**TASK ITEM**
Check each line of the records below and collect those holding "intro".

· · ·

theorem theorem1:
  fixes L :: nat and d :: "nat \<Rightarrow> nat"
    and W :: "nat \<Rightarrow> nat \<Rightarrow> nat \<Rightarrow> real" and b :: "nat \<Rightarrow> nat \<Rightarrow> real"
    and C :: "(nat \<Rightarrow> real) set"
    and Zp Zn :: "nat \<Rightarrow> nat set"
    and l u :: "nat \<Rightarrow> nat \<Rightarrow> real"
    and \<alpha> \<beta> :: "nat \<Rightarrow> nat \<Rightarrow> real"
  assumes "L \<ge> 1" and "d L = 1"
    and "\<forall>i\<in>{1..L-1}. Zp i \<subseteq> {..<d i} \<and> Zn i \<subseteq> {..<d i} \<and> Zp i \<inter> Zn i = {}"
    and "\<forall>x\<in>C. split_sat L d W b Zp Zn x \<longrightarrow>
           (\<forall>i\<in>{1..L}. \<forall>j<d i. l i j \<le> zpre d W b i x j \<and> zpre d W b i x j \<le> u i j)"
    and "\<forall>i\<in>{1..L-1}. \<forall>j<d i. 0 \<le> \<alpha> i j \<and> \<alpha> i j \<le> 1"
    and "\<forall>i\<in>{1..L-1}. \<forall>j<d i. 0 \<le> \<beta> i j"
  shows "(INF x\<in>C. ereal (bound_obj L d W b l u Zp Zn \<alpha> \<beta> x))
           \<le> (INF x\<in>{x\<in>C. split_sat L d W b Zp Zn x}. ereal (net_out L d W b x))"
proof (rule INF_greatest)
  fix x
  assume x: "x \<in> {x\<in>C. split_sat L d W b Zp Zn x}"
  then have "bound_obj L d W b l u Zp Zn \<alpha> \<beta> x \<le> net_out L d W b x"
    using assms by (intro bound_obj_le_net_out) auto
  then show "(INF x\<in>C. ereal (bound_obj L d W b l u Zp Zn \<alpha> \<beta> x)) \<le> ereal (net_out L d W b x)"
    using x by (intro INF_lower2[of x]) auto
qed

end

· · ·

**ANSWER TO THE EXERCISE**
    using assms by (intro bound_obj_le_net_out) auto
    using x by (intro INF_lower2[of x]) auto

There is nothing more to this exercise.